I am trying to run the GATK variant detection pipeline on 112 stickleback samples. I am using a GridEngine queue to parallelize this across our different machines. I have previously run the same code on a subset of the samples (55) and it worked fine. However, when I have tried to run on the full 112, I have run into some strange errors. In particular, things like:

commlib returns can't find connection

WARN  13:58:57,655 DrmaaJobRunner - Unable to determine status of job id 4970049 
org.ggf.drmaa.DrmCommunicationException: failed receiving gdi request response for mid=19906 (can't find connection).
        at org.broadinstitute.sting.jna.drmaa.v1_0.JnaSession.checkError(JnaSession.java:391)
        at org.broadinstitute.sting.jna.drmaa.v1_0.JnaSession.checkError(JnaSession.java:381)
        at org.broadinstitute.sting.jna.drmaa.v1_0.JnaSession.getJobProgramStatus(JnaSession.java:155)
        at org.broadinstitute.sting.queue.engine.drmaa.DrmaaJobRunner.liftedTree2$1(DrmaaJobRunner.scala:101)
        at org.broadinstitute.sting.queue.engine.drmaa.DrmaaJobRunner.updateJobStatus(DrmaaJobRunner.scala:100)
        at org.broadinstitute.sting.queue.engine.drmaa.DrmaaJobManager$$anonfun$updateStatus$1.apply(DrmaaJobManager.scala:55)
        at org.broadinstitute.sting.queue.engine.drmaa.DrmaaJobManager$$anonfun$updateStatus$1.apply(DrmaaJobManager.scala:55)
        at scala.collection.immutable.HashSet$HashSet1.foreach(HashSet.scala:123)
        at scala.collection.immutable.HashSet$HashTrieSet.foreach(HashSet.scala:322)
        at scala.collection.immutable.HashSet$HashTrieSet.foreach(HashSet.scala:322)
        at scala.collection.immutable.HashSet$HashTrieSet.foreach(HashSet.scala:322)
        at org.broadinstitute.sting.queue.engine.drmaa.DrmaaJobManager.updateStatus(DrmaaJobManager.scala:55)
        at org.broadinstitute.sting.queue.engine.QGraph$$anonfun$updateStatus$1.apply(QGraph.scala:1076)
        at org.broadinstitute.sting.queue.engine.QGraph$$anonfun$updateStatus$1.apply(QGraph.scala:1068)
        at scala.collection.LinearSeqOptimized$class.foreach(LinearSeqOptimized.scala:61)
        at scala.collection.immutable.List.foreach(List.scala:45)
        at org.broadinstitute.sting.queue.engine.QGraph.updateStatus(QGraph.scala:1068)
        at org.broadinstitute.sting.queue.engine.QGraph.runJobs(QGraph.scala:442)
        at org.broadinstitute.sting.queue.engine.QGraph.run(QGraph.scala:131)
        at org.broadinstitute.sting.queue.QCommandLine.execute(QCommandLine.scala:127)
        at org.broadinstitute.sting.commandline.CommandLineProgram.start(CommandLineProgram.java:236)
        at org.broadinstitute.sting.commandline.CommandLineProgram.start(CommandLineProgram.java:146)
        at org.broadinstitute.sting.queue.QCommandLine$.main(QCommandLine.scala:62)
        at org.broadinstitute.sting.queue.QCommandLine.main(QCommandLine.scala)

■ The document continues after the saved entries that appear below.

(* Let $1<p<\infty$ and let $\|x\|_p=\big(\sum_{i=1}^n|x_i|^p\big)^{1/p}$ on $\mathbb{R}^n$. Then $\|\cdot\|_p$ is geometrically convex in the tangent plane, doubling in the tangent plane, and balanced in the tangent plane.
   Context: For a norm $\|\cdot\|$ differentiable on $\mathbb{R}^n\setminus\{0\}$, $N(x)$ denotes its gradient at $x\ne0$, $\langle\cdot,\cdot\rangle$ the Euclidean inner product, and $h(x,y)=\|y\|-\langle y,N(x)\rangle$. The norm is: - geometrically convex in the tangent plane if there are $\Lambda>2$, $r>0$ with $h(x,x+2y)\ge\Lambda h(x,x+y)$ whenever $x\ne0$, $\|y\|\le r\|x\|$, $\langle y,N(x)\rangle=0$; - doubling in the tangent plane if there are $T,r>0$ with $h(x,x+2y)\le Th(x,x+y)$ whenever $x\ne0$, $\|y\|\le r\|x\|$, $\langle y,N(x)\rangle=0$; - balanced in the tangent plane if there are $r,K>0$ with $h(x,x+y)\le Kh(x,x-y)$ whenever $x\ne0$, $\|y\|\le r\|x\|$, $\langle y,N(x)\rangle=0$. *)

theory Defs
  imports "HOL-Analysis.Analysis"
begin

definition pnorm :: "real \<Rightarrow> real^'n \<Rightarrow> real" where
  "pnorm p x = (\<Sum>i\<in>UNIV. \<bar>x $ i\<bar> powr p) powr (1 / p)"

definition grad :: "('a::euclidean_space \<Rightarrow> real) \<Rightarrow> 'a \<Rightarrow> 'a" where
  "grad f x = (SOME g. (f has_derivative (\<lambda>y. g \<bullet> y)) (at x))"

definition hfun :: "('a::euclidean_space \<Rightarrow> real) \<Rightarrow> 'a \<Rightarrow> 'a \<Rightarrow> real" where
  "hfun f x y = f y - y \<bullet> grad f x"

definition geom_convex_tangent :: "('a::euclidean_space \<Rightarrow> real) \<Rightarrow> bool" where
  "geom_convex_tangent f \<longleftrightarrow> (\<exists>\<Lambda>>2. \<exists>r>0. \<forall>x y. x \<noteq> 0 \<longrightarrow> f y \<le> r * f x \<longrightarrow>
      y \<bullet> grad f x = 0 \<longrightarrow> hfun f x (x + 2 *\<^sub>R y) \<ge> \<Lambda> * hfun f x (x + y))"

definition doubling_tangent :: "('a::euclidean_space \<Rightarrow> real) \<Rightarrow> bool" where
  "doubling_tangent f \<longleftrightarrow> (\<exists>T>0. \<exists>r>0. \<forall>x y. x \<noteq> 0 \<longrightarrow> f y \<le> r * f x \<longrightarrow>
      y \<bullet> grad f x = 0 \<longrightarrow> hfun f x (x + 2 *\<^sub>R y) \<le> T * hfun f x (x + y))"

definition balanced_tangent :: "('a::euclidean_space \<Rightarrow> real) \<Rightarrow> bool" where
  "balanced_tangent f \<longleftrightarrow> (\<exists>r>0. \<exists>K>0. \<forall>x y. x \<noteq> 0 \<longrightarrow> f y \<le> r * f x \<longrightarrow>
      y \<bullet> grad f x = 0 \<longrightarrow> hfun f x (x + y) \<le> K * hfun f x (x - y))"

end

theory Submission
  imports Defs
begin

text \<open>
  Fix \<open>x \<noteq> 0\<close> and let \<open>S = (\<Sum>i. \<bar>x\<^sub>i\<bar>\<^sup>p)\<close>. A vector \<open>y\<close> lies in the tangent plane at \<open>x\<close> iff
  \<open>(\<Sum>i. sgn x\<^sub>i \<bar>x\<^sub>i\<bar>\<^sup>p\<^sup>-\<^sup>1 y\<^sub>i) = 0\<close>, and then the first-order term of \<open>\<parallel>x + t y\<parallel>\<^sub>p\<^sup>p\<close> drops out:
  \<open>\<parallel>x + t y\<parallel>\<^sub>p\<^sup>p = S + D t\<close>, where \<open>D t\<close> is the sum of the Bregman divergences of \<open>\<bar>\<cdot>\<bar>\<^sup>p\<close> at
  \<open>x\<^sub>i\<close> in direction \<open>t y\<^sub>i\<close>. Hence \<open>h(x, x + t y) = (S + D t)\<^sup>1\<^sup>/\<^sup>p - S\<^sup>1\<^sup>/\<^sup>p\<close>.

  The derivative \<open>p sgn t \<bar>t\<bar>\<^sup>p\<^sup>-\<^sup>1\<close> of \<open>\<bar>t\<bar>\<^sup>p\<close> is quasisymmetric: its increments over adjacent
  intervals of equal length are comparable up to a constant \<open>C\<close>. Integrating along rays gives
  \<open>D 2 \<le> (2 + 2C) D 1\<close>, \<open>D 1 \<le> C D (-1)\<close> and \<open>D 2 \<ge> (2 + 2/C) D 1\<close>. As \<open>s \<mapsto> s\<^sup>1\<^sup>/\<^sup>p\<close> is concave,
  the first two inequalities pass to \<open>h\<close>. Passing the third one loses at most a factor
  \<open>(1 + (2 + 2/C) \<delta>)\<^sup>1\<^sup>/\<^sup>p\<^sup>-\<^sup>1\<close> when \<open>D 1 \<le> \<delta> S\<close>, and \<open>\<delta>\<close> is small when \<open>y\<close> is small compared with
  \<open>x\<close>; so the ratio \<open>h(x, x + 2y) / h(x, x + y)\<close> stays above some \<open>\<Lambda> > 2\<close>.
\<close>

section \<open>Signed powers and their increments\<close>

definition signed_powr :: "real \<Rightarrow> real \<Rightarrow> real" where
  "signed_powr q z = sgn z * \<bar>z\<bar> powr q"

lemma signed_powr_nonneg: "0 \<le> z \<Longrightarrow> signed_powr q z = z powr q"
  by (cases "z = 0") (auto simp: signed_powr_def)

lemma signed_powr_minus: "signed_powr q (- z) = - signed_powr q z"
  by (simp add: signed_powr_def)

lemma mult_signed_powr_self: "z * signed_powr q z = \<bar>z\<bar> powr (1 + q)"
proof -
  have "z * signed_powr q z = \<bar>z\<bar> * \<bar>z\<bar> powr q"
    by (simp add: signed_powr_def abs_sgn)
  then show ?thesis by (simp add: powr_mult_base)
qed

lemma powr_diff_mvt:
  fixes a b q :: real
  assumes "0 < a" "a < b"
  obtains z where "a < z" "z < b" "b powr q - a powr q = q * (b - a) * z powr (q - 1)"
proof -
  have "\<exists>z>a. z < b \<and> b powr q - a powr q = (b - a) * (q * z powr (q - 1))"
    by (rule MVT2) (use assms in \<open>auto intro: has_real_derivative_powr\<close>)
  then show ?thesis using that by (auto simp: mult_ac)
qed

lemma powr_diff_bounds_pos:
  fixes q a b :: real
  assumes q: "0 < q" and a: "0 < a" and ab: "a < b"
  shows "min 1 q * ((b - a) * b powr (q - 1)) \<le> b powr q - a powr q
      \<and> b powr q - a powr q \<le> max 1 q * ((b - a) * b powr (q - 1))"
proof -
  have split: "b powr q - a powr q = (b - a) * b powr (q - 1) + a * (b powr (q - 1) - a powr (q - 1))"
    using powr_mult_base[of a "q - 1"] powr_mult_base[of b "q - 1"] a ab by (simp add: algebra_simps)
  obtain z where z: "a < z" "z < b" "b powr q - a powr q = q * (b - a) * z powr (q - 1)"
    using powr_diff_mvt[OF a ab] .
  show ?thesis
  proof (cases "1 \<le> q")
    case True
    have "z powr (q - 1) \<le> b powr (q - 1)" "a powr (q - 1) \<le> b powr (q - 1)"
      using True z a by (auto intro: powr_mono2)
    then have "q * (b - a) * z powr (q - 1) \<le> q * (b - a) * b powr (q - 1)"
      "0 \<le> a * (b powr (q - 1) - a powr (q - 1))"
      using q a ab by (simp_all add: mult_left_mono)
    moreover have "min 1 q * ((b - a) * b powr (q - 1)) = (b - a) * b powr (q - 1)"
      "max 1 q * ((b - a) * b powr (q - 1)) = q * (b - a) * b powr (q - 1)"
      using True by simp_all
    ultimately show ?thesis
      using split z(3) by (intro conjI) linarith+
  next
    case False
    have "b powr (q - 1) \<le> z powr (q - 1)" "b powr (q - 1) \<le> a powr (q - 1)"
      using False z a by (auto intro: powr_mono2')
    then have "q * (b - a) * b powr (q - 1) \<le> q * (b - a) * z powr (q - 1)"
      "a * (b powr (q - 1) - a powr (q - 1)) \<le> 0"
      using q a ab by (simp_all add: mult_left_mono mult_nonneg_nonpos)
    moreover have "min 1 q * ((b - a) * b powr (q - 1)) = q * (b - a) * b powr (q - 1)"
      "max 1 q * ((b - a) * b powr (q - 1)) = (b - a) * b powr (q - 1)"
      using False by simp_all
    ultimately show ?thesis
      using split z(3) by (intro conjI) linarith+
  qed
qed

lemma powr_diff_bounds:
  fixes q a b :: real
  assumes q: "0 < q" and a: "0 \<le> a" and ab: "a < b"
  shows "min 1 q * (b - a) * b powr (q - 1) \<le> b powr q - a powr q"
    and "b powr q - a powr q \<le> max 1 q * (b - a) * b powr (q - 1)"
proof -
  have "min 1 q * ((b - a) * b powr (q - 1)) \<le> b powr q - a powr q
      \<and> b powr q - a powr q \<le> max 1 q * ((b - a) * b powr (q - 1))"
  proof (cases "a = 0")
    case True
    have "b powr q = b * b powr (q - 1)"
      using powr_mult_base[of b "q - 1"] ab True by simp
    moreover have "0 \<le> b * b powr (q - 1)" using ab True by simp
    ultimately show ?thesis
      using True q by (simp add: mult_left_le_one_le mult_le_cancel_right1)
  qed (use powr_diff_bounds_pos[OF q _ ab] a in auto)
  then show "min 1 q * (b - a) * b powr (q - 1) \<le> b powr q - a powr q"
    and "b powr q - a powr q \<le> max 1 q * (b - a) * b powr (q - 1)"
    by (simp_all add: mult.assoc)
qed

lemma signed_powr_diff_across_zero:
  fixes q a b :: real
  defines "M \<equiv> max \<bar>a\<bar> \<bar>b\<bar>"
  assumes q: "0 < q" and a: "a < 0" and b: "0 < b"
  shows "(b - a) * M powr (q - 1) / 2 \<le> signed_powr q b - signed_powr q a"
    and "signed_powr q b - signed_powr q a \<le> 2 * ((b - a) * M powr (q - 1))"
proof -
  have M: "0 < M" "M \<le> b - a" "b - a \<le> 2 * M" using a b by (auto simp: M_def)
  have "(b - a) * M powr (q - 1) \<le> 2 * M * M powr (q - 1)" "M * M powr (q - 1) \<le> (b - a) * M powr (q - 1)"
    using M by (auto intro: mult_right_mono)
  moreover have "M * M powr (q - 1) = M powr q"
    using powr_mult_base[of M "q - 1"] M by simp
  moreover have "signed_powr q b - signed_powr q a = b powr q + (- a) powr q"
    using a b signed_powr_minus[of q a] by (simp add: signed_powr_nonneg)
  moreover have "b powr q \<le> M powr q" "(- a) powr q \<le> M powr q"
    using a b q by (auto intro: powr_mono2 simp: M_def)
  moreover have "M powr q \<le> b powr q + (- a) powr q"
    using a b by (cases "\<bar>a\<bar> \<le> \<bar>b\<bar>") (auto simp: M_def max_def)
  ultimately show "(b - a) * M powr (q - 1) / 2 \<le> signed_powr q b - signed_powr q a"
    and "signed_powr q b - signed_powr q a \<le> 2 * ((b - a) * M powr (q - 1))"
    by linarith+
qed

lemma signed_powr_diff_bounds:
  fixes q a b :: real
  defines "M \<equiv> max \<bar>a\<bar> \<bar>b\<bar>"
  assumes q: "0 < q" and ab: "a < b"
  shows "min 1 q / 2 * (b - a) * M powr (q - 1) \<le> signed_powr q b - signed_powr q a"
    and "signed_powr q b - signed_powr q a \<le> 2 * max 1 q * (b - a) * M powr (q - 1)"
proof -
  define T where "T = (b - a) * M powr (q - 1)"
  define I where "I = signed_powr q b - signed_powr q a"
  have T: "0 \<le> T" using ab by (simp add: T_def)
  have T_bounds: "min 1 q / 2 * T \<le> min 1 q * T" "min 1 q / 2 * T \<le> T / 2"
    "max 1 q * T \<le> 2 * max 1 q * T" "2 * T \<le> 2 * max 1 q * T"
    using T q by (simp_all add: mult_right_mono mult_left_le_one_le)
  consider "0 \<le> a" | "b \<le> 0" | "a < 0" "0 < b" by linarith
  then have "min 1 q / 2 * T \<le> I \<and> I \<le> 2 * max 1 q * T"
  proof cases
    case 1
    then have "T = (b - a) * b powr (q - 1)" "I = b powr q - a powr q"
      using ab by (auto simp: M_def T_def I_def signed_powr_nonneg)
    with powr_diff_bounds[OF q 1 ab] have "min 1 q * T \<le> I" "I \<le> max 1 q * T"
      by (simp_all add: mult.assoc)
    with T_bounds show ?thesis by linarith
  next
    case 2
    then have "T = (- a - - b) * (- a) powr (q - 1)" "I = (- a) powr q - (- b) powr q"
      using ab signed_powr_minus[of q a] signed_powr_minus[of q b]
      by (auto simp: M_def T_def I_def signed_powr_nonneg[symmetric])
    with powr_diff_bounds[OF q, of "- b" "- a"] 2 ab have "min 1 q * T \<le> I" "I \<le> max 1 q * T"
      by (simp_all add: mult.assoc)
    with T_bounds show ?thesis by linarith
  next
    case 3
    then have "T / 2 \<le> I" "I \<le> 2 * T"
      using signed_powr_diff_across_zero[OF q 3] by (simp_all add: M_def T_def I_def)
    with T_bounds show ?thesis by linarith
  qed
  then show "min 1 q / 2 * (b - a) * M powr (q - 1) \<le> signed_powr q b - signed_powr q a"
    and "signed_powr q b - signed_powr q a \<le> 2 * max 1 q * (b - a) * M powr (q - 1)"
    by (auto simp: T_def I_def mult.assoc)
qed

lemma signed_powr_strict_mono:
  assumes "0 < q" "a < b"
  shows "signed_powr q a < signed_powr q b"
proof -
  have "0 < min 1 q / 2 * (b - a) * max \<bar>a\<bar> \<bar>b\<bar> powr (q - 1)"
    using assms by (intro mult_pos_pos) auto
  with signed_powr_diff_bounds(1)[OF assms] show ?thesis by linarith
qed

lemma powr_le_if_comparable:
  fixes m A B e :: real
  assumes m: "0 < m" and A: "m \<le> A" "A \<le> 3 * m" and B: "m \<le> B" "B \<le> 3 * m"
  shows "A powr e \<le> 3 powr \<bar>e\<bar> * B powr e"
proof (cases "0 \<le> e")
  case True
  have "A powr e \<le> (3 * m) powr e" using A m True by (intro powr_mono2) auto
  also have "\<dots> = 3 powr e * m powr e" using m by (simp add: powr_mult)
  also have "\<dots> \<le> 3 powr e * B powr e" using B m True by (intro mult_left_mono powr_mono2) auto
  finally show ?thesis using True by simp
next
  case False
  have "A powr e \<le> m powr e" using A m False by (intro powr_mono2') auto
  also have "m powr e = 3 powr (- e) * (3 * m) powr e"
    using m by (simp add: powr_mult powr_add[symmetric])
  also have "\<dots> \<le> 3 powr (- e) * B powr e" using B m False by (intro mult_left_mono powr_mono2') auto
  finally show ?thesis using False by simp
qed

text \<open>The ratio of the two constants of \<open>signed_powr_diff_bounds\<close>, times the price \<open>3 powr \<bar>q - 1\<bar>\<close>
  of comparing \<open>M powr (q - 1)\<close> for two moduli \<open>M\<close> within a factor \<open>3\<close> of each other.\<close>
definition quasisymmetry_const :: "real \<Rightarrow> real" where
  "quasisymmetry_const q = 4 * max 1 q / min 1 q * 3 powr \<bar>q - 1\<bar>"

crop up, followed by something like:

error: smallest event number 108 is greater than number 1 i'm waiting for

Does anyone have any idea of what might be going wrong? Either way, do you have any suggestions to help me move forward?

As a note, I have not tried running the 55 again, so it is possible that this would also now fail. In other words, I don't know whether the problem is due to some difference between the 55 and 112 sets, or if some part of the GATK that has been updated in the interim has introduced the problem. I can try running the original set again if it would be helpful.

Thanks, Jason